The Sun is a star, a ball of very hot gas that gives off huge amounts of radiation! The radiation is produced in its core where baby hydrogen bombs explode. Many different stars exist from brown dwarfs to white supergiants. They differ in their temperature, size, color, and lifespan. Some stars change into stars others very quickly, while others stay unchanged over trillions of years.

For example:

• Cooler stars glow red! Emitting low energy long wavelength light.

• And on the other hand, the hottest stars are blue, emitting high energy short-wavelength.

There are three main groups of stars: giants, supergiants, and white dwarf stars. The graph below tells you how bright a star is or how big a star is. 

3,000 K starts with Red dwarf stars. Red dwarf stars are the most common stars in our galaxy. These tiny low-mass stars eat hydrogen slowly because of that red dwarf stars can keep shining for trillions of years! And because the universe is only 13 billion years old all the red dwarfs haven't reached later development stages meaning they are baby stars! They emit low-energy long-wavelength light, giving them that sweet red appearance. 

Red dwarf stars are on the tip of being a star, so if we remove a lil bit of hydrogen it would be brown dwarf. The tiniest, saddest, and coolest(temperature) stars (not a star) are brown dwarfs. They are also known as failed stars. Just like red dwarf stars, they are very hard to detect. They also emit no light and don't shine, as they do not have enough mass for nuclear fusion(baby hydrogen bomb explosions).

(Note: There are many different star color temperatures for dwarfs: Red Dwarf, Yellow Dwarfs, and Orange Dwarfs I won't be speaking about all of them but hey same idea.)

Increasing the temperature to 4000 K(it's in the graph go back up), are red giant stars, they are much cooler and bigger than our Sun. They emit a red-orange tinge.

The size is crazy.

When a star runs out of hydrogen fuel in its core, it starts to collapse because the star's energy is the only force fighting gravity’s pull. Hydrogen fusion(star's energy) begins to expand the outer layers making a red giant. 

Once the red giant is unstable, BOOM turns into a nebula(look at the first picture). After it sheds all its atmosphere the only thing left is its core... Or in other words white dwarf. In about 10 billion years, after its time as a red giant, the Sun will become a white dwarf!!!

Finally, increasing the temperature to 30,000 K is white dwarf stars. White dwarf stars are so faint that none is visible to the naked eye. 

Giant stars blew off their outer layer! Leaving a core that becomes a white dwarf. They are very small and dense; after they can no longer emit light they cool down but they shine because it was a hot star once...

Increasing the temperature to 20,000 K, lies the supergiant stars. Supergiant stars are very big and the largest stars in the universe. Unlike low-mass stars like red dwarf stars or red giant stars, they are massive enough to fuse heavier elements than helium! BUT DESPITE OF THAT Supergiants eat all their hydrogen and helium very quickly. 

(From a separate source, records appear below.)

text \<open>Sequents Gamma => Delta with finite sets of formulas (exchange and
 contraction are implicit).\<close>
inductive PASK :: "form set \<Rightarrow> form set \<Rightarrow> bool" where
  init: "PASK {a} {a}"
| cut: "PASK G (insert a D) \<Longrightarrow> PASK (insert a G) D \<Longrightarrow> PASK G D"
| weak: "PASK G D \<Longrightarrow> finite G' \<Longrightarrow> finite D' \<Longrightarrow> PASK (G \<union> G') (D \<union> D')"
| negL: "PASK G (insert a D) \<Longrightarrow> PASK (insert (neg a) G) D"
| andL1: "PASK (insert a G) D \<Longrightarrow> PASK (insert (And a b) G) D"
| andL2: "PASK (insert b G) D \<Longrightarrow> PASK (insert (And a b) G) D"
| andR: "PASK G (insert a D) \<Longrightarrow> PASK G (insert b D) \<Longrightarrow> PASK G (insert (And a b) D)"
| orL: "PASK (insert a G) D \<Longrightarrow> PASK (insert b G) D \<Longrightarrow> PASK (insert (Or a b) G) D"
| orR1: "PASK G (insert a D) \<Longrightarrow> PASK G (insert (Or a b) D)"
| orR2: "PASK G (insert b D) \<Longrightarrow> PASK G (insert (Or a b) D)"
| allL: "lc_trm 0 t \<Longrightarrow> PASK (insert (inst t a) G) D \<Longrightarrow> PASK (insert (All a) G) D"
| allR: "x \<notin> fv_form a \<Longrightarrow> x \<notin> \<Union>(fv_form ` G) \<Longrightarrow> x \<notin> \<Union>(fv_form ` D) \<Longrightarrow>
         PASK G (insert (inst (FV x) a) D) \<Longrightarrow> PASK G (insert (All a) D)"
| exL: "x \<notin> fv_form a \<Longrightarrow> x \<notin> \<Union>(fv_form ` G) \<Longrightarrow> x \<notin> \<Union>(fv_form ` D) \<Longrightarrow>
         PASK (insert (inst (FV x) a) G) D \<Longrightarrow> PASK (insert (Ex a) G) D"
| exR: "lc_trm 0 t \<Longrightarrow> PASK G (insert (inst t a) D) \<Longrightarrow> PASK G (insert (Ex a) D)"
| refl: "lc_trm 0 t \<Longrightarrow> PASK {} {Eq t t}"
| repl: "lc_trm 0 s \<Longrightarrow> lc_trm 0 t \<Longrightarrow> PASK G (insert (inst t a) D) \<Longrightarrow>
         PASK G (insert (Neq s t) (insert (inst s a) D))"
| pa1: "lc_trm 0 t \<Longrightarrow> PASK {} {Neq (Sc t) Zero}"
| pa2: "lc_trm 0 s \<Longrightarrow> lc_trm 0 t \<Longrightarrow> PASK {Eq (Sc s) (Sc t)} {Eq s t}"
| pa3: "lc_trm 0 s \<Longrightarrow> PASK {} {Eq (Pl s Zero) s}"
| pa4: "lc_trm 0 s \<Longrightarrow> lc_trm 0 t \<Longrightarrow> PASK {} {Eq (Pl s (Sc t)) (Sc (Pl s t))}"
| pa5: "lc_trm 0 s \<Longrightarrow> PASK {} {Eq (Tm s Zero) Zero}"
| pa6: "lc_trm 0 s \<Longrightarrow> lc_trm 0 t \<Longrightarrow> PASK {} {Eq (Tm s (Sc t)) (Pl (Tm s t) s)}"
| ind: "x \<notin> fv_form a \<Longrightarrow> x \<notin> \<Union>(fv_form ` G) \<Longrightarrow> x \<notin> \<Union>(fv_form ` D) \<Longrightarrow> lc_trm 0 t \<Longrightarrow>
        PASK (insert (inst (FV x) a) G) (insert (inst (Sc (FV x)) a) D) \<Longrightarrow>
        PASK (insert (inst Zero a) G) (insert (inst t a) D)"

definition PASK_iff :: "form \<Rightarrow> form \<Rightarrow> bool" where
  "PASK_iff a b \<longleftrightarrow> PASK {a} {b} \<and> PASK {b} {a}"

definition base_paradoxical :: "form \<Rightarrow> bool" where
  "base_paradoxical a \<longleftrightarrow> sentence a \<and>
     PASK_iff a (neg (Tr (gn a))) \<and> PASK_iff (neg a) (Tr (gn a))"

definition Pi_set :: "nat set" where
  "Pi_set = {code a | a. sentence a \<and> (base_paradoxical a \<or> base_paradoxical (neg a))}"

type_synonym pmodel = "(nat set \<times> nat set) \<times> (nat set \<times> nat set)"

fun fsize :: "form \<Rightarrow> nat" where
  "fsize (And a b) = Suc (fsize a + fsize b)"
| "fsize (Or a b) = Suc (fsize a + fsize b)"
| "fsize (All a) = Suc (fsize a)"
| "fsize (Ex a) = Suc (fsize a)"
| "fsize _ = 0"

lemma fsize_inst_at[simp]: "fsize (inst_at k u a) = fsize a"
  by (induction a arbitrary: k) auto

text \<open>M = ((T+, T-), (P+, P-)).  Quantifiers via numeral instances.\<close>
function SK :: "pmodel \<Rightarrow> form \<Rightarrow> bool" where
  "SK M (Eq s t) = (val s = val t)"
| "SK M (Neq s t) = (val s \<noteq> val t)"
| "SK M (Tr t) = (val t \<in> fst (fst M))"
| "SK M (NTr t) = (val t \<in> snd (fst M))"
| "SK M (Pr t) = (val t \<in> fst (snd M))"
| "SK M (NPr t) = (val t \<in> snd (snd M))"
| "SK M (And a b) = (SK M a \<and> SK M b)"
| "SK M (Or a b) = (SK M a \<or> SK M b)"
| "SK M (All a) = (\<forall>n. SK M (inst (num n) a))"
| "SK M (Ex a) = (\<exists>n. SK M (inst (num n) a))"
  by pat_completeness auto
termination by (relation "measure (\<lambda>(M, a). fsize a)") auto

text \<open>Strong Kleene satisfaction of the L-formula script-P applied to the
 numeral of the code of the sentence phi, written out disjunct by disjunct.\<close>
definition SK_P :: "pmodel \<Rightarrow> form \<Rightarrow> bool" where
  "SK_P M a \<longleftrightarrow>
    (let Tp = fst (fst M); Tn = snd (fst M); Pp = fst (snd M) in
      (code a \<in> Pi_set)
    \<or> (\<exists>t. closed_trm t \<and> a = Tr t \<and> val t \<in> Pp)
    \<or> (\<exists>t. closed_trm t \<and> a = NTr t \<and> val t \<in> Pp)
    \<or> (\<exists>b c. a = And b c \<and>
          ((code b \<in> Pp \<and> code c \<in> Pp) \<or> (code b \<in> Tp \<and> code c \<in> Pp) \<or> (code c \<in> Tp \<and> code b \<in> Pp)))
    \<or> (\<exists>b c. a = Or b c \<and>
          ((code b \<in> Pp \<and> code c \<in> Pp) \<or> (code b \<in> Tn \<and> code c \<in> Pp) \<or> (code c \<in> Tn \<and> code b \<in> Pp)))
    \<or> (\<exists>b. a = All b \<and> (\<exists>y. code (inst (num y) b) \<in> Pp) \<and>
          (\<forall>y. code (inst (num y) b) \<in> Pp \<or> code (inst (num y) b) \<in> Tp))
    \<or> (\<exists>b. a = Ex b \<and> (\<exists>y. code (inst (num y) b) \<in> Pp) \<and>
          (\<forall>y. code (inst (num y) b) \<in> Pp \<or> code (inst (num y) b) \<in> Tn)))"

definition Gamma_TP :: "pmodel \<Rightarrow> pmodel" where
  "Gamma_TP M =
    (({code a | a. sentence a \<and> SK M a}, {code a | a. sentence a \<and> SK M (neg a)}),
     ({code a | a. sentence a \<and> SK_P M a}, {code a | a. sentence a \<and> SK M (Or a (neg a))}))"

text \<open>The stages (T_alpha, P_alpha) of the transfinite sequence: the empty start,
 closure under successor steps, and unions (componentwise suprema) at limits,
 a limit stage being the union of a chain of earlier stages.\<close>
inductive_set TP_stages :: "pmodel set" where
  zero: "(({}, {}), ({}, {})) \<in> TP_stages"
| succ: "x \<in> TP_stages \<Longrightarrow> Gamma_TP x \<in> TP_stages"
| lim: "Complete_Partial_Order.chain (\<le>) C \<Longrightarrow> \<forall>c\<in>C. c \<in> TP_stages \<Longrightarrow> Sup C \<in> TP_stages"

end

theory Submission
  imports Defs
begin

text \<open>Strong Kleene satisfaction and every clause of the jump formula are positive in
  \<open>T\<^sup>+\<close>, \<open>T\<^sup>-\<close> and \<open>P\<^sup>+\<close> (and \<open>P\<^sup>-\<close> is never consulted), so \<open>Gamma_TP\<close> is monotone on the
  complete lattice of partial models. The transfinite iteration of a monotone map from the
  bottom element then reaches its least fixed point, and every iterate is a stage of the
  sequence.\<close>

lemma SK_mono: "SK M a \<Longrightarrow> M \<le> M' \<Longrightarrow> SK M' a"
  by (induction M a rule: SK.induct) (auto simp: less_eq_prod_def)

- Supergiant stars live fast and die young.

As their fuel runs out...

They must expand into super giants before exploding as supernovas.

When it explodes as a supernova then shrinks to become a black hole! (because they can't lose enough mass to become white dwarfs).

Heartwarming video about the sizes of astronomical objects (MUST WATCH!)

Mini Fun fact

The constellation Orion has countless stars of many temperatures.